Consider the case of a binary parameter \theta \in \{ 0, 1\}. We have the prior distribution \pi (\theta ) that satisfies \pi (0)=p and \pi (1)=1-p, for some 0 \leq p \leq 1. Then, we observe X_1, \ldots, X_ n with corresponding conditional likelihood function L(X_1, \ldots , X_ n | \theta ) that is positive for both \theta =0 and \theta =1. Which of the following statements about the posterior distribution \pi (\theta |X_1, \ldots , X_ n) is true? (Choose all that apply.)
If p=0, then the posterior distribution will be identical to the prior distribution.
If p=1, then the posterior distribution will be identical to the prior distribution.
If p < \frac{1}{2}, then in the posterior distribution, \pi (\theta =0|X_1, \ldots , X_ n) \leq \pi (\theta =1|X_1, \ldots , X_ n) will necessarily be true.
If p > \frac{1}{2}, then in the posterior distribution, \pi (\theta =0|X_1, \ldots , X_ n) \geq \pi (\theta =1|X_1, \ldots , X_ n) will necessarily be true.
The posterior distribution $\pi(\theta|X_1,\ldots,X_n)$ is proportional to the product of the prior distribution $\pi(\theta)$ and the likelihood function $L(X_1,\ldots,X_n|\theta)$. Let's consider each statement separately:
1) If $p=0$, then the prior distribution is $\pi(0)=0$ and $\pi(1)=1$. In this case, the likelihood function $L(X_1,\ldots,X_n|\theta)$ will not change the posterior, as any non-zero probability multiplied by 0 will still be 0. Therefore, the posterior distribution will be identical to the prior distribution.

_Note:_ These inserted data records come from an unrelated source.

lemma sum_split_snoc_not_interleaved:
  assumes distinct: "distinct (ys @ [v])" and "ys \<noteq> []"
    and no_interleaving:
      "\<And>i j. i < j \<Longrightarrow> j < length ys \<Longrightarrow> \<not> (less_by s v (ys ! i) \<and> less_by s (ys ! j) v)"
  shows "\<exists>r k. sum_split r (ys @ [v]) k"
proof (cases "\<forall>i < length ys. less_by s v (ys ! i)")
  case True
  then have "sum_split (\<not> s) (ys @ [v]) (length ys)"
    using \<open>ys \<noteq> []\<close> unfolding sum_split_def by (auto simp: nth_append)
  then show ?thesis by blast
next
  case False
  define n where "n = length ys"
  define m where "m = (LEAST i. i = n \<or> less_by s v (ys ! i))"
  have "m \<le> n"
    unfolding m_def by (rule Least_le) simp
  have m_above: "m = n \<or> less_by s v (ys ! m)"
    unfolding m_def by (rule LeastI[of _ n]) simp
  have comparable: "less_by s (ys ! i) v \<or> less_by s v (ys ! i)" if "i < n" for i
  proof -
    have "ys ! i \<noteq> v" using distinct nth_mem[of i ys] that unfolding n_def by auto
    then show ?thesis using less_by_linear by blast
  qed
  have below: "less_by s (ys ! i) v" if "i < m" for i
    using not_less_Least[OF that[unfolded m_def]] comparable[of i] that \<open>m \<le> n\<close> by auto
  have above: "less_by s v (ys ! j)" if "m \<le> j" "j < n" for j
  proof (rule ccontr)
    assume "\<not> less_by s v (ys ! j)"
    then have "less_by s (ys ! j) v" using comparable that(2) by blast
    moreover have "less_by s v (ys ! m)" using m_above that by auto
    ultimately have "m < j" using that(1) less_by_asym by (cases "m = j") auto
    with no_interleaving \<open>less_by s (ys ! j) v\<close> \<open>less_by s v (ys ! m)\<close> that(2) show False
      unfolding n_def by blast
  qed
  have "0 < m"
    using False above unfolding n_def by (metis gr0I le0)
  have "sum_split s (ys @ [v]) m"
    unfolding sum_split_def
  proof (intro conjI allI impI)
    show "0 < m" "m < length (ys @ [v])" using \<open>0 < m\<close> \<open>m \<le> n\<close> unfolding n_def by auto
  next
    fix i j assume "i < m" "m \<le> j" "j < length (ys @ [v])"
    then show "less_by s ((ys @ [v]) ! i) ((ys @ [v]) ! j)"
      using below above \<open>m \<le> n\<close> unfolding n_def
      by (cases "j < n") (auto simp: nth_append n_def intro: less_by_trans)
  qed
  then show ?thesis by blast
qed

lemma sum_split_snoc_interleaved:
  assumes split: "sum_split s ys k"
    and ij: "i < j" "j < length ys" "less_by s v (ys ! i)" "less_by s (ys ! j) v"
  shows "has_2413 (\<not> s) (ys @ [v]) \<or> sum_split s (ys @ [v]) k"
proof (cases "j < k")
  case True
  with split ij have "less_by s (ys ! i) (ys ! k)" "k < length ys"
    unfolding sum_split_def by auto
  with True ij have "has_2413 (\<not> s) (ys @ [v])"
    unfolding has_2413_def
    by (intro exI[of _ i] exI[of _ j] exI[of _ k] exI[of _ "length ys"]) (simp add: nth_append)
  then show ?thesis ..
next
  case False
  have "sum_split s (ys @ [v]) k"
    unfolding sum_split_def
  proof (intro conjI allI impI)
    show "0 < k" "k < length (ys @ [v])"
      using split unfolding sum_split_def by auto
  next
    fix i' j' assume "i' < k" "k \<le> j'" "j' < length (ys @ [v])"
    moreover have "less_by s (ys ! i') v" if "i' < k"
      using split False ij that less_by_trans unfolding sum_split_def by (meson not_less)
    ultimately show "less_by s ((ys @ [v]) ! i') ((ys @ [v]) ! j')"
      using split unfolding sum_split_def by (cases "j' < length ys") (auto simp: nth_append)
  qed
  then show ?thesis ..
qed

lemma avoider_sum_split:
  "distinct xs \<Longrightarrow> 2 \<le> length xs \<Longrightarrow> avoids_2413_3142 xs \<Longrightarrow> \<exists>r k. sum_split r xs k"
proof (induction xs rule: rev_induct)
  case Nil
  then show ?case by simp
next
  case (snoc v ys)
  have "ys \<noteq> []"
    using snoc.prems(2) by auto
  show ?case
  proof (cases "length ys = 1")
    case True
    then show ?thesis
      using sum_split_snoc_not_interleaved[OF snoc.prems(1) \<open>ys \<noteq> []\<close>, where s = False] by auto
  next
    case False
    then obtain s k where split: "sum_split s ys k"
      using snoc has_2413_append_left unfolding avoids_2413_3142_def by fastforce
    show ?thesis
    proof (cases "\<exists>i j. i < j \<and> j < length ys \<and> less_by s v (ys ! i) \<and> less_by s (ys ! j) v")
      case True
      then show ?thesis
        using sum_split_snoc_interleaved[OF split] snoc.prems(3)
        unfolding avoids_2413_3142_def by blast
    next
      case False
      with \<open>ys \<noteq> []\<close> show ?thesis
        using sum_split_snoc_not_interleaved[OF snoc.prems(1)] by blast
    qed
  qed
qed

section \<open>Direct and skew sums of permutations\<close>

definition perm_sum :: "bool \<Rightarrow> nat list \<Rightarrow> nat list \<Rightarrow> nat list" where
  "perm_sum r x y =
     (if r then map (\<lambda>v. v + length y) x @ y else x @ map (\<lambda>v. v + length x) y)"

lemma length_perm_sum [simp]: "length (perm_sum r x y) = length x + length y"
  unfolding perm_sum_def by simp

lemma perm_sum_eq_append:
  "perm_sum r x y = map (\<lambda>v. v + of_bool r * length y) x @ map (\<lambda>v. v + of_bool (\<not> r) * length x) y"
  unfolding perm_sum_def by simp

lemma perm_sum_inj:
  assumes "length x = length x'" "length y = length y'" "perm_sum r x y = perm_sum r x' y'"
  shows "x = x' \<and> y = y'"
  using assms unfolding perm_sum_eq_append by (simp add: inj_on_def)

lemma permutations_of_set_shift:
  "permutations_of_set {1 + c..m + c} = map (\<lambda>v. v + c) ` perms m"
  using permutations_of_set_image_inj[of "\<lambda>v. v + c" "{1..m}"] by (simp add: inj_on_def)

lemma append_permutations_of_set:
  "xs \<in> permutations_of_set A \<Longrightarrow> ys \<in> permutations_of_set B \<Longrightarrow> A \<inter> B = {} \<Longrightarrow>
   xs @ ys \<in> permutations_of_set (A \<union> B)"
  unfolding permutations_of_set_def by auto

lemma perm_sum_perms:
  assumes x: "x \<in> perms m" and y: "y \<in> perms l"
  shows "perm_sum r x y \<in> perms (m + l)"
proof -
  have lengths: "length x = m" "length y = l"
    using x y by (simp_all add: length_perms)
  show ?thesis
  proof (cases r)
    case True
    have "map (\<lambda>v. v + l) x \<in> permutations_of_set {1 + l..m + l}"
      using x permutations_of_set_shift by blast
    moreover have "{1 + l..m + l} \<union> {1..l} = {1..m + l}" by auto
    ultimately show ?thesis
      using append_permutations_of_set[OF _ y] True lengths unfolding perm_sum_def by fastforce
  next
    case False
    have "map (\<lambda>v. v + m) y \<in> permutations_of_set {1 + m..l + m}"
      using y permutations_of_set_shift by blast
    moreover have "{1..m} \<union> {1 + m..l + m} = {1..m + l}" by auto
    ultimately show ?thesis
      using append_permutations_of_set[OF x] False lengths unfolding perm_sum_def by fastforce
  qed
qed

lemma sum_split_perm_sum:
  assumes x: "x \<in> perms m" and y: "y \<in> perms l" and "0 < m" "0 < l"
  shows "sum_split r (perm_sum r x y) m"
proof -
  have lengths: "length x = m" "length y = l"
    using x y by (simp_all add: length_perms)
  show ?thesis
    unfolding sum_split_def
  proof (intro conjI allI impI)
    show "0 < m" "m < length (perm_sum r x y)" using assms lengths by auto
  next
    fix i j assume ij: "i < m" "m \<le> j" "j < length (perm_sum r x y)"
    then have "x ! i \<in> {1..m}" "y ! (j - m) \<in> {1..l}"
      using x y lengths nth_mem permutations_of_setD(1) by fastforce+
    with ij lengths show "less_by r (perm_sum r x y ! i) (perm_sum r x y ! j)"
      unfolding perm_sum_def less_by_def by (auto simp: nth_append)
  qed
qed

lemma has_2413_perm_sum:
  assumes "x \<in> perms m" "y \<in> perms l" "0 < m" "0 < l"
  shows "has_2413 q (perm_sum r x y) \<longleftrightarrow> has_2413 q x \<or> has_2413 q y"
proof
  have shift: "strict_mono (\<lambda>v. v + c)" for c :: nat
    by (simp add: strict_mono_def)
  have "length x = m"
    using assms(1) by (rule length_perms)
  then have "take m (perm_sum r x y) = map (\<lambda>v. v + of_bool r * length y) x"
    and "drop m (perm_sum r x y) = map (\<lambda>v. v + of_bool (\<not> r) * length x) y"
    unfolding perm_sum_eq_append by simp_all
  moreover assume "has_2413 q (perm_sum r x y)"
  then have "has_2413 q (take m (perm_sum r x y)) \<or> has_2413 q (drop m (perm_sum r x y))"
    by (rule has_2413_sum_split[OF sum_split_perm_sum[OF assms]])
  ultimately show "has_2413 q x \<or> has_2413 q y"
    by (simp add: has_2413_map_strict_mono[OF shift])
next
  have shift: "strict_mono (\<lambda>v. v + c)" for c :: nat
    by (simp add: strict_mono_def)
  assume "has_2413 q x \<or> has_2413 q y"
  then show "has_2413 q (perm_sum r x y)"
    unfolding perm_sum_eq_append
    by (auto simp: has_2413_map_strict_mono[OF shift] intro: has_2413_append_left has_2413_append_right)
qed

2) If $p=1$, then the prior distribution is $\pi(0)=1$ and $\pi(1)=0$. Again, the likelihood function will not change the posterior, as any non-zero probability multiplied by 0 will still be 0. So the posterior distribution will be identical to the prior distribution.
3) If $p<\frac{1}{2}$, then $\pi(\theta=0|X_1,\ldots,X_n) \leq \pi(\theta=1|X_1,\ldots,X_n)$ is not necessarily true. The posterior distribution depends on both the prior and the likelihood function, so it is possible for the likelihood to favor $\theta=0$ over $\theta=1$ even if $p<\frac{1}{2}$.
4) If $p>\frac{1}{2}$, then $\pi(\theta=0|X_1,\ldots,X_n) \geq \pi(\theta=1|X_1,\ldots,X_n)$ is not necessarily true. The posterior distribution depends on both the prior and the likelihood function, so it is possible for the likelihood to favor $\theta=1$ over $\theta=0$ even if $p>\frac{1}{2}$.
Therefore, the correct statements are:
- If $p=0$, then the posterior distribution will be identical to the prior distribution.
- If $p=1$, then the posterior distribution will be identical to the prior distribution.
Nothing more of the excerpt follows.